What is expected |
Within the entries below, find the portion that opens with the line containing "using assms(1) by blast" and closes with the line containing "by (rule weak_top_contractionE[OF assms(4)])". Retype that portion exactly and only.

[[ Data to use open ]]

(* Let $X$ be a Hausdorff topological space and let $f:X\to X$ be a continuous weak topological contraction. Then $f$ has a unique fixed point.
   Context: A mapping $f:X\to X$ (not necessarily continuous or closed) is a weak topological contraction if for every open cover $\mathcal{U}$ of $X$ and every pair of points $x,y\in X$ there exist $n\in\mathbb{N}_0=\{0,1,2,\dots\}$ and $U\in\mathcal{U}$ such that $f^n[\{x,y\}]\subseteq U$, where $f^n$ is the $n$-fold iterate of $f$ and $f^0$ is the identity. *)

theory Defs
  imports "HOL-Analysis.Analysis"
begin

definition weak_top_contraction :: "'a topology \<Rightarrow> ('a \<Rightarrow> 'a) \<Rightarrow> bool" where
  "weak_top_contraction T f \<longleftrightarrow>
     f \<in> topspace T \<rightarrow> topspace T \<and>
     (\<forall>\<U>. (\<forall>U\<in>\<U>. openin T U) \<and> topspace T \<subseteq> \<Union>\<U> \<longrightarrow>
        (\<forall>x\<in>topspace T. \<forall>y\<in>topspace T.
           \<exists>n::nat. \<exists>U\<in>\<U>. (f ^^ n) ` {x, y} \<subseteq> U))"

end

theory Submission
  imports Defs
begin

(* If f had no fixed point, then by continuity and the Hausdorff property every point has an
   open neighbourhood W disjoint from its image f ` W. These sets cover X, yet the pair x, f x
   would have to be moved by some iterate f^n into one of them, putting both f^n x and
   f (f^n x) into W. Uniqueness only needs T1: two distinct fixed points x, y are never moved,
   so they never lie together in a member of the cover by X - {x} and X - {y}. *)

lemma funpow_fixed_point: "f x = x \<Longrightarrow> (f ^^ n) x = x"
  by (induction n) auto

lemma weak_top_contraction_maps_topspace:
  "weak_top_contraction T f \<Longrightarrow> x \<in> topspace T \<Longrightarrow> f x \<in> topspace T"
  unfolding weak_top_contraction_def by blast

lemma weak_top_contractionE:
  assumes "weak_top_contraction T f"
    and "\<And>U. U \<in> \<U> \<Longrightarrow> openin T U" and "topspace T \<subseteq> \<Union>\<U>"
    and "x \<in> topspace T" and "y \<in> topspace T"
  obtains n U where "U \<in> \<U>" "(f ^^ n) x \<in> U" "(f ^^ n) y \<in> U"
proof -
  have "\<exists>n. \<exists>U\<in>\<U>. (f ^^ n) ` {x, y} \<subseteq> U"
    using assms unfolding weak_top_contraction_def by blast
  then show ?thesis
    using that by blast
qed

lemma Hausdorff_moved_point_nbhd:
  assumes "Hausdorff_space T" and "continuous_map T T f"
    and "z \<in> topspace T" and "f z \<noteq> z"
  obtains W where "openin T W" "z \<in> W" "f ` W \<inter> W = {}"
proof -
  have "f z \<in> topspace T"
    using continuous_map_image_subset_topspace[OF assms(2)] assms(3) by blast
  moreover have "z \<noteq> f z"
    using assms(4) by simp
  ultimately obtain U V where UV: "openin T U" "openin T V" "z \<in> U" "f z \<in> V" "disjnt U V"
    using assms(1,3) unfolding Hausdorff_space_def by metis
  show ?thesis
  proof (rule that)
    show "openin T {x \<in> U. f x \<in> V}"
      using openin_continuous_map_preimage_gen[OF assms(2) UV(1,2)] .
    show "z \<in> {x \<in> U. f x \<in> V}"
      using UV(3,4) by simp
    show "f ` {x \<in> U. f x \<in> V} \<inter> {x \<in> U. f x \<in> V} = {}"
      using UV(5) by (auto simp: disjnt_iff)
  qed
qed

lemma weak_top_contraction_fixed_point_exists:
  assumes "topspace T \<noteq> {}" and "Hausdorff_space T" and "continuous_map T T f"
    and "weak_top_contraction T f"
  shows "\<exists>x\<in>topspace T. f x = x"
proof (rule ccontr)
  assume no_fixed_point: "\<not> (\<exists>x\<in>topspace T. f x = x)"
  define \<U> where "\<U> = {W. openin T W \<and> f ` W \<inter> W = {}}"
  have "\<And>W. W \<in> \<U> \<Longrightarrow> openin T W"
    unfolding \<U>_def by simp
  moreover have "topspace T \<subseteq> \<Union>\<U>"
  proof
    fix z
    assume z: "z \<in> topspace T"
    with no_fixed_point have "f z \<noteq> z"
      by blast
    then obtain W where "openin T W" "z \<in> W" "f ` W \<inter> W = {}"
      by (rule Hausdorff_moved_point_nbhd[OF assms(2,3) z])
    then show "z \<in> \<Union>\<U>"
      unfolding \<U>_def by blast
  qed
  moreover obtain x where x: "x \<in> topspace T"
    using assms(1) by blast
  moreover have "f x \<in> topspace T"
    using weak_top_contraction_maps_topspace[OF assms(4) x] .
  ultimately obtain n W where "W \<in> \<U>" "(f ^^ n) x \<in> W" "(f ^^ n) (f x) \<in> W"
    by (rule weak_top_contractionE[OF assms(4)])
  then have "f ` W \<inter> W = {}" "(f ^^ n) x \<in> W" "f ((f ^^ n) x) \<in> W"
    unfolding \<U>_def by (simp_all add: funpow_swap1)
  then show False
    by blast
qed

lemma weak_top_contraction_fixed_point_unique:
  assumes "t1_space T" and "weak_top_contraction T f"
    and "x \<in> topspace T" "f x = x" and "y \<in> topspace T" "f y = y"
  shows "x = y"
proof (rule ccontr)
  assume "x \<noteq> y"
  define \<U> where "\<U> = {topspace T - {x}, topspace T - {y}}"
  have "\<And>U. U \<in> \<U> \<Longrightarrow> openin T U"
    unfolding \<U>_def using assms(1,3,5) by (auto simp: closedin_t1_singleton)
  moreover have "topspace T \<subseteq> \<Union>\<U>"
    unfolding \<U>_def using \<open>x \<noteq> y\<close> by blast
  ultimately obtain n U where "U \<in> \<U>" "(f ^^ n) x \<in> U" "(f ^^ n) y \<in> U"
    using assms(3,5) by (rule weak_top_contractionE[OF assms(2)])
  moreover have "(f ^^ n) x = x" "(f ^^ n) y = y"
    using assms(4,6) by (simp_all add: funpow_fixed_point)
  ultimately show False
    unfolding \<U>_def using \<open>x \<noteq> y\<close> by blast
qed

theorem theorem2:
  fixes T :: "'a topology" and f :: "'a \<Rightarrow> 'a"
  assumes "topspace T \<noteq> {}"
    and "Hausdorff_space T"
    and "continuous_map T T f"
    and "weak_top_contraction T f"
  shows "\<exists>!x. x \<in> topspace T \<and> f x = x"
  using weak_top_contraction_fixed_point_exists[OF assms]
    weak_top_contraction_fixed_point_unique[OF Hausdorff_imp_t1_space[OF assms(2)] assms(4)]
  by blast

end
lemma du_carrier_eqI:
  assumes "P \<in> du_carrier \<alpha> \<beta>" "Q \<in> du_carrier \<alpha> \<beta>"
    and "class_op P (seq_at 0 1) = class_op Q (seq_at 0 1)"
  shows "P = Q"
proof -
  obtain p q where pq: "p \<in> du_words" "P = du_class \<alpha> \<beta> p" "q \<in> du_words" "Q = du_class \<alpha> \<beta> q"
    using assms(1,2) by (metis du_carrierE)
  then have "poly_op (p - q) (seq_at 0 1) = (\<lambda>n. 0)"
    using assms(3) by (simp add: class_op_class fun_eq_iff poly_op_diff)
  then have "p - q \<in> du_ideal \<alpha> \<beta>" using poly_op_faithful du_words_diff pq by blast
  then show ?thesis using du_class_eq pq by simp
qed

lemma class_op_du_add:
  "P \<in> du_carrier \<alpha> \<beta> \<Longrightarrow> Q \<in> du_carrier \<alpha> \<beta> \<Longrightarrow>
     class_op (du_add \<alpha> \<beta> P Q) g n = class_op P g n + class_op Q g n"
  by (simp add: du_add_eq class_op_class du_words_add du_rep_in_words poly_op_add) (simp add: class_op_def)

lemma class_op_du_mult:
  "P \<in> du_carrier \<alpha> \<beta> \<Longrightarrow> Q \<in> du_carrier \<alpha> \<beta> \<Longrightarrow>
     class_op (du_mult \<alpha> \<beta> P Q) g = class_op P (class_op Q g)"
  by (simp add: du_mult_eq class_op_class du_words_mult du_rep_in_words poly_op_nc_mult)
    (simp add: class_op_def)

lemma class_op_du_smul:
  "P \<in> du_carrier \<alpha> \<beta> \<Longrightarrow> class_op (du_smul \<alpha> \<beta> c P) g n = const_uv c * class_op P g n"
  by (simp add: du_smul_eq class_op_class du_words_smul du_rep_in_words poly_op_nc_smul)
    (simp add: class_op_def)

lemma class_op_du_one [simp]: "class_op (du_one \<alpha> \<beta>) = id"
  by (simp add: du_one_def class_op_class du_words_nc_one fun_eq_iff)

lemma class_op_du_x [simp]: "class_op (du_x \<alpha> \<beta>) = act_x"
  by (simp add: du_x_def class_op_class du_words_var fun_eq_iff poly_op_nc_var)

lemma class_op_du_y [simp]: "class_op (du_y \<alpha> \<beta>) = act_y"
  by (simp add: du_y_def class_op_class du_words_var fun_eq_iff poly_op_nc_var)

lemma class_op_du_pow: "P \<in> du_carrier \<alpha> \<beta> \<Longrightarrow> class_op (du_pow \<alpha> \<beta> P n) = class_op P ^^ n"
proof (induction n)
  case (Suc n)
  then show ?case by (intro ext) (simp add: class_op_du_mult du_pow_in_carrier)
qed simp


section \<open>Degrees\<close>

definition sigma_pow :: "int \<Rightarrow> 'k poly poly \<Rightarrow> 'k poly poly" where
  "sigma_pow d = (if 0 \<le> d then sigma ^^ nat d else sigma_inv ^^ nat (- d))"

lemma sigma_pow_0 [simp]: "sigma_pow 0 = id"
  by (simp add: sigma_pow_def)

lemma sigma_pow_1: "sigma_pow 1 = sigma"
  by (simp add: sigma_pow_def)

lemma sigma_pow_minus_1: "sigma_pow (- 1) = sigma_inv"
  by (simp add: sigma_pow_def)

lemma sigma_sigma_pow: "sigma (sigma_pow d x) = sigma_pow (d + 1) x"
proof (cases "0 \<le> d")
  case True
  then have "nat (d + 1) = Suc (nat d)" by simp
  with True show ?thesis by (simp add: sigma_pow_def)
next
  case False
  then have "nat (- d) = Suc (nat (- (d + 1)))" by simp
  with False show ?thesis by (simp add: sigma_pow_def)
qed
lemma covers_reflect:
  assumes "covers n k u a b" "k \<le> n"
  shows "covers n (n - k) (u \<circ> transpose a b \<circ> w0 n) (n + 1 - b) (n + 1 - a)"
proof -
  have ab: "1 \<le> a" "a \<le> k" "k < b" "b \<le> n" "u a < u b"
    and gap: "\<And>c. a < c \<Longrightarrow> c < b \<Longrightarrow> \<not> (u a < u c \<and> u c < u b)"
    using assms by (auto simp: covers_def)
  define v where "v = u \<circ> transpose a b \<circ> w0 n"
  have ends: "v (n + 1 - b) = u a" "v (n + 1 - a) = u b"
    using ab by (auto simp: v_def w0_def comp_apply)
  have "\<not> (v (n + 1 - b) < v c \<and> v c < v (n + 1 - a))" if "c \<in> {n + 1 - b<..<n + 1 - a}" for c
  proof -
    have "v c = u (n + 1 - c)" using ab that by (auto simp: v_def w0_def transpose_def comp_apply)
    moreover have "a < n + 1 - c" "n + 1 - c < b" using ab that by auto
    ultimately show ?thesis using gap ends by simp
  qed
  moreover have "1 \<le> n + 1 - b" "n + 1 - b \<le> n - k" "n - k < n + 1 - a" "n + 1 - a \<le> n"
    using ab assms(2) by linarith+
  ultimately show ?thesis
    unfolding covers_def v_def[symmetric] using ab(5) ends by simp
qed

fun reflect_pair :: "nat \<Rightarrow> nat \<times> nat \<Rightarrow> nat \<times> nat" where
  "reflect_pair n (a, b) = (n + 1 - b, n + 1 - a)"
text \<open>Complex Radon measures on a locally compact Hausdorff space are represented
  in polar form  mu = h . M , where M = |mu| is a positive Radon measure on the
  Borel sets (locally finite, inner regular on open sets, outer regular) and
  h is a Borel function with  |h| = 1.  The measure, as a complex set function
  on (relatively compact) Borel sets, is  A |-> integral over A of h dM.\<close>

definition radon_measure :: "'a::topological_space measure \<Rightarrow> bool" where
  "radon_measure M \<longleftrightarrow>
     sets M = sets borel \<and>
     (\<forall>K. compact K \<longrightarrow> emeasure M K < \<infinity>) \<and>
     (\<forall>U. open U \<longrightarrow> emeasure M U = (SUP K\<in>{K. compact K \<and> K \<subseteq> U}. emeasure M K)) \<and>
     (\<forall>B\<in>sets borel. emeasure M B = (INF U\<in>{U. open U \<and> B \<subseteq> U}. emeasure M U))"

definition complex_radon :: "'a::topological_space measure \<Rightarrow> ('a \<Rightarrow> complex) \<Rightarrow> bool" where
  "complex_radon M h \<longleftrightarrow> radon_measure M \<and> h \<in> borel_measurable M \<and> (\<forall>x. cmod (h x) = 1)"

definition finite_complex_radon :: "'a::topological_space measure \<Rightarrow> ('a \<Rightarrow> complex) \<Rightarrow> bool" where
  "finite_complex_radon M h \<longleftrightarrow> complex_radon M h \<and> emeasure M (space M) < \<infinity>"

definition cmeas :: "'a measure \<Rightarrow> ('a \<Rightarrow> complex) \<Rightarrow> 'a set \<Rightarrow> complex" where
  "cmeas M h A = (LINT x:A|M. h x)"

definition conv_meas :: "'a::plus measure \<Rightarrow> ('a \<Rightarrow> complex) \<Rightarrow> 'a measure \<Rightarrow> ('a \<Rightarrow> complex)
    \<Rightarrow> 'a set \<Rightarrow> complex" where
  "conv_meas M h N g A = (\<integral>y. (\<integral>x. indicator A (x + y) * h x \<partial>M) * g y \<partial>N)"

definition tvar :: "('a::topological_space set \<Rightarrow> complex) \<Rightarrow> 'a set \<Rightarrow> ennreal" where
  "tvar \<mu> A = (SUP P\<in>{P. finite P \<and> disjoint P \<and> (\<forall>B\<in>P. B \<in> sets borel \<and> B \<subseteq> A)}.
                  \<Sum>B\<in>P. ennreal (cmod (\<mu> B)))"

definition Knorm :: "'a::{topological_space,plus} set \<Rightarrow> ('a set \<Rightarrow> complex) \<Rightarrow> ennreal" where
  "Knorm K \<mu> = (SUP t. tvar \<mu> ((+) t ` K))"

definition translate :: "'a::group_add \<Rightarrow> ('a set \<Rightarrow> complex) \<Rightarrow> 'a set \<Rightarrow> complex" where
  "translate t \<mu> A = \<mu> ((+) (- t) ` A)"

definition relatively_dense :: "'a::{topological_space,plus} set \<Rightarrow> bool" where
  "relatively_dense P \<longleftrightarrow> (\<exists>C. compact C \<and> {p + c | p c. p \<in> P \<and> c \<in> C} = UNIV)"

[[ Data to use closed ]]

Output below |
    using assms(1) by blast
  moreover have "f x \<in> topspace T"
    using weak_top_contraction_maps_topspace[OF assms(4) x] .
  ultimately obtain n W where "W \<in> \<U>" "(f ^^ n) x \<in> W" "(f ^^ n) (f x) \<in> W"
    by (rule weak_top_contractionE[OF assms(4)])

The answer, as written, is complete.